Søren: Yeah, for sure.

Emily: I think those were the things that I found were important to people, like the really small stuff that I might not—they might not be the top of my list—but they were on the top of someone else’s list that I was having that conversation with. So figuring out—I mean, that’s marketing—what their problem is to try to solve it, so I mean I think you can apply that when having those conversations with people.

Ruby: Part of your degree is marketing, isn’t it?

Emily: Business and communication.

Ruby: See, J.D. is right about VAN being a disaster. We need to bring in more consumer data. I don’t know if you know this—and we can end on this—but that your stepdad, one of the things he was really concerned about was your health insurance debacle. That whole mess.

Emily: I don’t have insurance.

Ruby: I know. Yeah, you are his child. He is a service member, a retired service member. That was an issue that really affected him deeply as a father or stepfather. I remember thinking as we were communicating, “he’s just a person, and he just wants to help his kid.” This is what politics should be. At its heart, it should be you need to help people, because they don’t have any other connection to their government, other than their elected officials are supposed to be that path to making things better.

Emily: Yeah, yeah. As a vet, that’s something he’s proud of; he served his time. And now the government’s supposed to be helping him out, because he did his work for 20 years. I’ve been taken off of their health insurance because I turned 22. And then theirs is being affected this year. It’s changing, and they have to pay now a premium for them to have health insurance even though he served 20 years. I don’t really think that that’s fair. That is a problem, obviously, that he needed to address. That’s such a big thing for him, but I hadn’t even considered that either. So that’s one of those things he just had to figure out.

Ruby: Yes, because it was a weird loophole. I fell down a rabbit hole on the Veterans Administration page trying to figure out what was he talking about so that I could have a conversation with him. But I thought “this is total crap. I can’t believe no one has fixed this problem. This concerns a man who lives in a small town in rural Iowa, and there’s nobody talking about it.” Except us.

Emily: I feel like that’s what set you apart from the other candidates is that you did that research, you had that conversation, figured that out.

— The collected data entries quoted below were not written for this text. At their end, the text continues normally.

lemma tendsto_mG_at_bot: "(mG \<longlongrightarrow> 0) at_bot"
proof (rule tendsto_sandwich[of "\<lambda>_. 0" _ _ std_normal_density])
  show "\<forall>\<^sub>F x in at_bot. mG x \<le> std_normal_density x"
    using eventually_le_at_bot[of 0]
    by eventually_elim (use std_normal_cdf_pos in \<open>auto simp: mG_def mult_nonpos_nonneg less_imp_le\<close>)
qed (simp_all add: mG_pos less_imp_le tendsto_std_normal_density_at_bot)

(* The Cauchy-Schwarz inequality (E (Z+x)_+)^2 \<le> P(Z > -x) E (Z+x)_+^2 says cs_gap \<ge> 0. *)
definition cs_gap :: "real \<Rightarrow> real" where
  "cs_gap x = std_normal_cdf x * dG x - (mG x)\<^sup>2"

lemma cs_gap_eq: "cs_gap x = (std_normal_cdf x)\<^sup>2 - std_normal_density x * mG x"
  by (simp add: cs_gap_def dG_eq mG_def power2_eq_square algebra_simps)

lemma has_real_derivative_cs_gap:
  "(cs_gap has_real_derivative std_normal_density x * dG x) (at x)"
  unfolding cs_gap_eq[abs_def]
  by (auto intro!: derivative_eq_intros has_real_derivative_std_normal_cdf
      has_real_derivative_std_normal_density has_real_derivative_mG
      simp: dG_eq mG_def algebra_simps power2_eq_square)

lemma cs_gap_pos: "0 < cs_gap x"
proof -
  have "(cs_gap \<longlongrightarrow> 0) at_bot"
    unfolding cs_gap_eq[abs_def]
    using tendsto_diff[OF tendsto_power[OF tendsto_std_normal_cdf_at_bot, of 2]
        tendsto_mult[OF tendsto_std_normal_density_at_bot tendsto_mG_at_bot]]
    by simp
  then show ?thesis
  proof (rule DERIV_pos_imp_increasing_at_bot[where f = cs_gap, rotated])
    show "\<exists>d. (cs_gap has_real_derivative d) (at t) \<and> 0 < d" for t
      using has_real_derivative_cs_gap[of t] std_normal_density_pos[of t] dG_pos[of t] by auto
  qed
qed

section \<open>The functions f, g and r\<close>

lemma fG_eq: "fG x = mG x / sqrt (dG x)"
  by (simp add: fG_def integral_pos_part)

lemma gG_eq: "gG x = std_normal_cdf x / sqrt (dG x)"
  by (simp add: gG_def integral_mult_pos_part)

lemma has_real_derivative_fG:
  "(fG has_real_derivative cs_gap x / (dG x * sqrt (dG x))) (at x)"
  using has_real_derivative_divide_sqrt[OF has_real_derivative_mG has_real_derivative_dG dG_pos]
  by (simp add: fG_eq[abs_def] cs_gap_def power2_eq_square)

lemma has_real_derivative_gG:
  "(gG has_real_derivative - x * (cs_gap x / (dG x * sqrt (dG x)))) (at x)"
proof -
  have eq: "std_normal_density x * dG x - std_normal_cdf x * (2 * mG x) / 2 = - x * cs_gap x"
    by (simp add: cs_gap_def dG_eq mG_def algebra_simps power2_eq_square)
  show ?thesis
    using has_real_derivative_divide_sqrt[where x = x,
        OF has_real_derivative_std_normal_cdf has_real_derivative_dG dG_pos, unfolded eq]
    by (simp add: gG_eq[abs_def])
qed

lemma has_real_derivative_rG:
  "(rG \<alpha> has_real_derivative 2 * (cs_gap x / (dG x * sqrt (dG x))) * (\<alpha> * fG x - x)) (at x)"
  unfolding rG_def[abs_def]
  by (auto intro!: derivative_eq_intros has_real_derivative_fG has_real_derivative_gG
      simp: algebra_simps diff_divide_distrib)

lemma fG_pos: "0 < fG x"
  by (simp add: fG_eq mG_pos dG_pos)

lemma fG_le_1: "fG x \<le> 1"
proof -
  have "(mG x)\<^sup>2 < std_normal_cdf x * dG x"
    using cs_gap_pos[of x] by (simp add: cs_gap_def)
  also have "\<dots> \<le> dG x"
    using std_normal_cdf_le_1[of x] dG_pos[of x] by (simp add: mult_le_cancel_right1)
  finally have "mG x \<le> sqrt (dG x)"
    by (intro real_le_rsqrt) simp
  then show ?thesis
    by (simp add: fG_eq dG_pos)
qed

lemma mono_fG: "mono fG"
  using has_real_derivative_fG cs_gap_pos dG_pos
  by (intro monoI deriv_nonneg_imp_mono[where g = fG]) (auto intro!: less_imp_le)

lemma mult_deriv_fG_less:
  assumes "0 < x"
  shows "x * (cs_gap x / (dG x * sqrt (dG x))) < fG x"
proof -
  have "mG x * dG x - x * cs_gap x
      = x * (mG x)\<^sup>2 + std_normal_cdf x * std_normal_density x + x * std_normal_density x * mG x"
    by (simp add: cs_gap_def dG_eq mG_def algebra_simps power2_eq_square)
  also have "\<dots> > 0"
    using assms mG_pos[of x] std_normal_cdf_pos[of x] std_normal_density_pos[of x]
    by (intro add_pos_pos mult_pos_pos) auto
  finally have "x * cs_gap x < mG x * dG x" by simp
  then show ?thesis
    using dG_pos[of x] by (simp add: fG_eq field_simps)
qed

lemma strict_antimono_on_fG_divide: "strict_antimono_on {0<..} (\<lambda>x. fG x / x)"
  using has_real_derivative_fG mult_deriv_fG_less by (rule strict_antimono_on_divide_if_mult_deriv_less)

lemma exists_fixed_point_scaled_fG: "\<exists>c. c = \<alpha> * fG c"
proof (rule exists_scaled_fixed_point)
  show "continuous_on UNIV fG"
    using has_real_derivative_fG by (meson DERIV_isCont continuous_at_imp_continuous_on)
  show "\<bar>fG x\<bar> \<le> 1" for x
    using fG_pos[of x] fG_le_1[of x] by simp
qed

lemma fG_crossing:
  assumes "c = \<alpha> * fG c"
  shows "x < c \<Longrightarrow> x < \<alpha> * fG x" and "c < x \<Longrightarrow> \<alpha> * fG x < x"
  using scaled_fixed_point_crossing[OF fG_pos mono_fG strict_antimono_on_fG_divide assms] by blast+

lemma rG_less_at_fixed_point:
  assumes fixed: "c = \<alpha> * fG c" and "x \<noteq> c"
  shows "rG \<alpha> x < rG \<alpha> c"
proof (rule strict_global_max_if_deriv_sign[OF has_real_derivative_rG _ _ \<open>x \<noteq> c\<close>])
  have factor_pos: "0 < 2 * (cs_gap y / (dG y * sqrt (dG y)))" for y
    using cs_gap_pos[of y] dG_pos[of y] by simp
  show "0 < 2 * (cs_gap y / (dG y * sqrt (dG y))) * (\<alpha> * fG y - y)" if "y < c" for y
    using fG_crossing(1)[OF fixed that] factor_pos[of y] by (intro mult_pos_pos) auto
  show "2 * (cs_gap y / (dG y * sqrt (dG y))) * (\<alpha> * fG y - y) < 0" if "c < y" for y
    using fG_crossing(2)[OF fixed that] factor_pos[of y] by (intro mult_pos_neg) auto
qed

theorem mainTheorem4:
  fixes \<alpha> :: real
  shows "\<exists>c. (\<forall>x. rG \<alpha> x \<le> rG \<alpha> c)
            \<and> (\<forall>c'. (\<forall>x. rG \<alpha> x \<le> rG \<alpha> c') \<longrightarrow> c' = c)
            \<and> c = \<alpha> * fG c
            \<and> (\<forall>y. y = \<alpha> * fG y \<longrightarrow> y = c)"
proof -
  obtain c where fixed: "c = \<alpha> * fG c"
    using exists_fixed_point_scaled_fG by blast
  note less_max = rG_less_at_fixed_point[OF fixed]
  show ?thesis
  proof (intro exI[of _ c] conjI allI impI)
    show "rG \<alpha> x \<le> rG \<alpha> c" for x
      using less_max[of x] by (cases "x = c") auto
    show "c' = c" if "\<forall>x. rG \<alpha> x \<le> rG \<alpha> c'" for c'
      using less_max[of c'] spec[OF that, of c] by (cases "c' = c") auto
    show "y = c" if "y = \<alpha> * fG y" for y
      using fG_crossing[OF fixed, of y] that by (cases y c rule: linorder_cases) auto
  qed (rule fixed)
qed

end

And then you tried to figure out the best way to go about solving it—or what you would do if you became elected. That was one of the big things I was telling them is that you do care, you are a part of this community. You have kids. You are very invested in the community. I think that was one of the main things that really helped them to see that it’s not Republican versus Democrat. It’s the people who are going to make a difference and care for you when it comes down to the election.

Søren: Thank you so much, Emily, for joining us on this episode.

Emily: Thank you so much for having me. It’s always fun talking with you, too.

Ruby: Yeah, I always love seeing you, Emily. Next time bring Vinny, okay?

Ruby: Thank you for joining us, Nicole, today. You grew up in Atkins, which is a town kind of on the edge of the eastern side of Benton County.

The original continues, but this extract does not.